Statement of the Ezidische Akademie in response to the incidents in Detmold and Stolzenau

In the past weeks, two murders, in which Yazidis were involved, have received much attention in the German media: in Remminghausen, near Detmold, 18-year-old Arzu Ö. was kidnapped by her siblings because she had fallen in love with a German youth; it is feared that she was also murdered.  In Stolzenau, Lower Saxony, 13-year-old Zozan B. was shot to death by her father because she had run away from home as a result of problems with her parents.

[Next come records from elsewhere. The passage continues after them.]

(* Let $H$ be a separable Hilbert space, let $(X_t)_{t\geq 1}$ be an $H$-valued process and $(\epsilon_t)_{t\geq1}$ a real-valued process, and let $(\mathcal{F}_t)_{t\geq 0}$ be a filtration such that for all $t\geq 1$: $X_t$ is $\mathcal{F}_{t-1}$-measurable, $\epsilon_t$ is $\mathcal{F}_t$-measurable, and $\mathbb{E}[\epsilon_t\mid\mathcal{F}_{t-1}]=0$. Fix $\rho>0$ and set $V_t=\sum_{i\leq t}X_iX_i^T$, $M_t=\sum_{i\le t}X_i\epsilon_i$, and $G_t=(\rho I+V_t)^{-1/2}X_t$. For $\lambda>0$ let $$e_t(\lambda)=\|G_t\|^2\,\mathbb{E}\big[\exp(\lambda|\epsilon_t|)-\lambda|\epsilon_t|-1\,\big|\,\mathcal{F}_{t-1}\big].$$ Then the process $$S_t=\cosh\Big(\lambda\big\|(\rho I+V_t)^{-1/2}M_t\big\|\Big)\exp\Big(-\sum_{i\leq t}e_i(\lambda)\Big)$$ is a nonnegative supermartingale with respect to $(\mathcal{F}_t)$.
   Context: For $f,g\in H$, $fg^T$ denotes the operator $f\langle g,\cdot\rangle$ on $H$, and $I$ is the identity operator on $H$. *)

theory Defs
  imports "HOL-Probability.Probability"
begin

definition outer_op :: "'h::real_inner \<Rightarrow> 'h \<Rightarrow> ('h \<Rightarrow> 'h)" where
  "outer_op f g = (\<lambda>v. inner g v *\<^sub>R f)"

definition op_sqrt :: "('h::real_inner \<Rightarrow> 'h) \<Rightarrow> ('h \<Rightarrow> 'h)" where
  "op_sqrt T = (THE S. bounded_linear S \<and> (\<forall>u v. inner (S u) v = inner u (S v))
                   \<and> (\<forall>u. 0 \<le> inner u (S u)) \<and> S \<circ> S = T)"

definition inv_sqrt_op :: "real \<Rightarrow> ('h::real_inner \<Rightarrow> 'h) \<Rightarrow> ('h \<Rightarrow> 'h)" where
  "inv_sqrt_op \<rho> T = inv (op_sqrt (\<lambda>v. \<rho> *\<^sub>R v + T v))"

definition Vop :: "(nat \<Rightarrow> 'a \<Rightarrow> 'h::real_inner) \<Rightarrow> nat \<Rightarrow> 'a \<Rightarrow> ('h \<Rightarrow> 'h)" where
  "Vop X t \<omega> = (\<lambda>v. \<Sum>i\<in>{1..t}. outer_op (X i \<omega>) (X i \<omega>) v)"

definition Mvec :: "(nat \<Rightarrow> 'a \<Rightarrow> 'h::real_inner) \<Rightarrow> (nat \<Rightarrow> 'a \<Rightarrow> real) \<Rightarrow> nat \<Rightarrow> 'a \<Rightarrow> 'h" where
  "Mvec X \<epsilon> t \<omega> = (\<Sum>i\<in>{1..t}. \<epsilon> i \<omega> *\<^sub>R X i \<omega>)"

definition Gvec :: "real \<Rightarrow> (nat \<Rightarrow> 'a \<Rightarrow> 'h::real_inner) \<Rightarrow> nat \<Rightarrow> 'a \<Rightarrow> 'h" where
  "Gvec \<rho> X t \<omega> = inv_sqrt_op \<rho> (Vop X t \<omega>) (X t \<omega>)"

definition e_term :: "'a measure \<Rightarrow> (nat \<Rightarrow> 'a measure) \<Rightarrow> real \<Rightarrow> (nat \<Rightarrow> 'a \<Rightarrow> 'h::real_inner)
    \<Rightarrow> (nat \<Rightarrow> 'a \<Rightarrow> real) \<Rightarrow> real \<Rightarrow> nat \<Rightarrow> 'a \<Rightarrow> ennreal" where
  "e_term M F \<rho> X \<epsilon> lam t \<omega> =
     ennreal ((norm (Gvec \<rho> X t \<omega>))\<^sup>2) *
     nn_cond_exp M (F (t - 1))
       (\<lambda>y. ennreal (exp (lam * \<bar>\<epsilon> t y\<bar>) - lam * \<bar>\<epsilon> t y\<bar> - 1)) \<omega>"

text \<open>S_t = cosh(lambda ||(rho I+V_t)^(-1/2) M_t||) exp(-sum_{i<=t} e_i(lambda)),
  where exp(-\<infinity>) = 0.\<close>
definition S_proc :: "'a measure \<Rightarrow> (nat \<Rightarrow> 'a measure) \<Rightarrow> real \<Rightarrow> (nat \<Rightarrow> 'a \<Rightarrow> 'h::real_inner)
    \<Rightarrow> (nat \<Rightarrow> 'a \<Rightarrow> real) \<Rightarrow> real \<Rightarrow> nat \<Rightarrow> 'a \<Rightarrow> real" where
  "S_proc M F \<rho> X \<epsilon> lam t \<omega> =
     (let E = (\<Sum>i\<in>{1..t}. e_term M F \<rho> X \<epsilon> lam i \<omega>)
      in cosh (lam * norm (inv_sqrt_op \<rho> (Vop X t \<omega>) (Mvec X \<epsilon> t \<omega>)))
         * (if E = \<infinity> then 0 else exp (- enn2real E)))"

definition is_filtration :: "'a measure \<Rightarrow> (nat \<Rightarrow> 'a measure) \<Rightarrow> bool" where
  "is_filtration M F \<longleftrightarrow> (\<forall>t. subalgebra M (F t)) \<and> (\<forall>s t. s \<le> t \<longrightarrow> sets (F s) \<subseteq> sets (F t))"

definition supermartingale :: "'a measure \<Rightarrow> (nat \<Rightarrow> 'a measure) \<Rightarrow> (nat \<Rightarrow> 'a \<Rightarrow> real) \<Rightarrow> bool" where
  "supermartingale M F S \<longleftrightarrow>
     (\<forall>t. S t \<in> borel_measurable (F t)) \<and> (\<forall>t. integrable M (S t)) \<and>
     (\<forall>s t. s \<le> t \<longrightarrow> (AE \<omega> in M. real_cond_exp M (F s) (S t) \<omega> \<le> S s \<omega>))"

end

theory Submission
  imports Defs
begin

text \<open>
  Write \<open>Q\<^sub>t u = \<langle>(\<rho> I + V\<^sub>t)\<^sup>-\<^sup>1 u, u\<rangle>\<close>. The coercive operator \<open>\<rho> I + V\<^sub>t\<close> has a unique positive
  square root (the binomial series of \<open>sqrt (1 - x)\<close> evaluated at a rescaled copy of the operator,
  which converges because the space is complete), so \<open>\<parallel>(\<rho> I + V\<^sub>t)\<^sup>-\<^sup>1\<^sup>/\<^sup>2 u\<parallel>\<^sup>2 = Q\<^sub>t u\<close>. The inverse
  itself is given by the Sherman--Morrison recursion, which also shows \<open>Q\<^sub>t\<^sub>+\<^sub>1 \<le> Q\<^sub>t\<close> and
  \<open>\<parallel>G\<^sub>t\<^sub>+\<^sub>1\<parallel> \<le> 1\<close>.

  Since \<open>M\<^sub>t\<^sub>+\<^sub>1 = M\<^sub>t + \<epsilon>\<^sub>t\<^sub>+\<^sub>1 X\<^sub>t\<^sub>+\<^sub>1\<close>, convexity of \<open>q \<mapsto> cosh (sqrt q)\<close> gives
  \<open>cosh (\<lambda> sqrt (Q\<^sub>t\<^sub>+\<^sub>1 M\<^sub>t\<^sub>+\<^sub>1)) \<le> cosh (\<lambda> sqrt (Q\<^sub>t M\<^sub>t)) (1 + \<parallel>G\<^sub>t\<^sub>+\<^sub>1\<parallel>\<^sup>2 \<phi> (\<lambda> \<bar>\<epsilon>\<^sub>t\<^sub>+\<^sub>1\<bar>)) + \<epsilon>\<^sub>t\<^sub>+\<^sub>1 D\<^sub>t\<close>
  with \<open>\<phi> z = exp z - z - 1\<close> and an \<open>F\<^sub>t\<close>-measurable \<open>D\<^sub>t\<close>. Conditioning on \<open>F\<^sub>t\<close> removes the last
  term since \<open>E[\<epsilon>\<^sub>t\<^sub>+\<^sub>1 | F\<^sub>t] = 0\<close> (splitting into positive and negative parts, so that no
  integrability of \<open>D\<^sub>t \<epsilon>\<^sub>t\<^sub>+\<^sub>1\<close> is needed), and turns the factor into
  \<open>1 + e\<^sub>t\<^sub>+\<^sub>1(\<lambda>) \<le> exp (e\<^sub>t\<^sub>+\<^sub>1(\<lambda>))\<close>, which the compensator \<open>exp (- \<Sum>\<^sub>i\<^sub>\<le>\<^sub>t\<^sub>+\<^sub>1 e\<^sub>i(\<lambda>))\<close> absorbs.
  Integrability follows from \<open>E S\<^sub>t \<le> S\<^sub>0 = 1\<close>.
\<close>

lemma exp_minus_linear_scale_le:
  fixes g z :: real
  assumes "0 \<le> g" "g \<le> 1" "0 \<le> z"
  shows "exp (g * z) - g * z - 1 \<le> g\<^sup>2 * (exp z - z - 1)"
proof -
  have tail: "(\<lambda>n. x ^ (n + 2) /\<^sub>R fact (n + 2)) sums (exp x - x - 1)" for x :: real
  proof -
    have "summable (\<lambda>n. x ^ (n + 2) /\<^sub>R fact (n + 2))"
      using summable_ignore_initial_segment[OF summable_exp_generic[of x], of 2] by simp
    moreover have "(\<Sum>n. x ^ (n + 2) /\<^sub>R fact (n + 2)) = exp x - x - 1"
      using exp_first_two_terms[of x] by linarith
    ultimately show ?thesis
      by (metis summable_sums)
  qed
  show ?thesis
  proof (rule sums_le[OF _ tail sums_mult[OF tail]])
    fix n
    have "g ^ (n + 2) \<le> g\<^sup>2"
      using assms by (intro power_decreasing) auto
    then have "g ^ (n + 2) * z ^ (n + 2) / fact (n + 2) \<le> g\<^sup>2 * z ^ (n + 2) / fact (n + 2)"
      using assms by (intro divide_right_mono mult_right_mono) auto
    then show "(g * z) ^ (n + 2) /\<^sub>R fact (n + 2) \<le> g\<^sup>2 * (z ^ (n + 2) /\<^sub>R fact (n + 2))"
      by (simp add: power_mult_distrib divide_inverse_commute mult_ac)
  qed
qed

Both acts of violence were sharply condemned by the Ezidische Akademie.  There is no justification for such acts and no way to talk around them.  Also, the Yazidi religion forbids such actions.  Both crimes are completely foreign to the Yazidi religion.  Life is man's highest good in Yazidism and every life is to be respected; Yazidism offers no excuse for such acts.  Violence is not compatible with the premises of the Yazidi religion.  Murder and killing "for the sake of honor" or for other reasons is completely foreign to the Yazidi religion.  Murder is murder.

We encourage Yazidis, especially those with religious authority and the members of Yazdi organizations in Germany, to distance themselves from such acts and to condemn them for what they are: crimes that are inexcusable.  More iimportant, Yazidis should also not give the impression, by keeping silent, that they in any way approve of these acts.  Condemnation of such acts says clearly that tolerance and respect for other people, opinions, and religions takes highest priority in the Yazidi religion.

In light of this, we call your attention to the statement of the secular leader of the Yazidi, Mir Tashin Said Ali Beg, made on 27.01.2007 concerning the stoning of a girl in Bahzan/Kurdistan, in which this is clearly expressed:  " Such offensive and inhuman acts have nothing to do with Yazidism.  The Yazidi religion rejects violence in all its forms.  Violence in the name of religion may never be used as a means against those of other opinions, nor may other people be killed.  Murder and violence are foreign to this religion" and those responsible should be put before a court and receive the punishment they deserve."

We also encourage the German authorities to react with all severity of the law.  Most important, the verdict of the German court may not take into account any cultural or religious motivations for these acts, as has unfortunately been the case in the past.

The consequences in both cases are already apparent.  Once again, the Yazidi religious community, adherents to the oldest monotheistic religion in the world, is stigmatized in the local press as an "occult sect," ruled by force and archaic clan traditions; regional newspapers such as the Westfalischen Volksblatt describe the Yazidis in connection with these crimes as archaic and hot headed.  We urge journalists and reporters of serious newspapers not to generalize about the entire Yazidi religious community, which encourages racist bias and rabble-rousing attacks.  It would not occur to anyone, because of single cases, to condemn Germans, or Austrians, or Belgians and label all their citizens as kidnappers and murderers.  The number of criminals, murderers and kidnappers among Yazidis is not higher than among members of German society as a whole.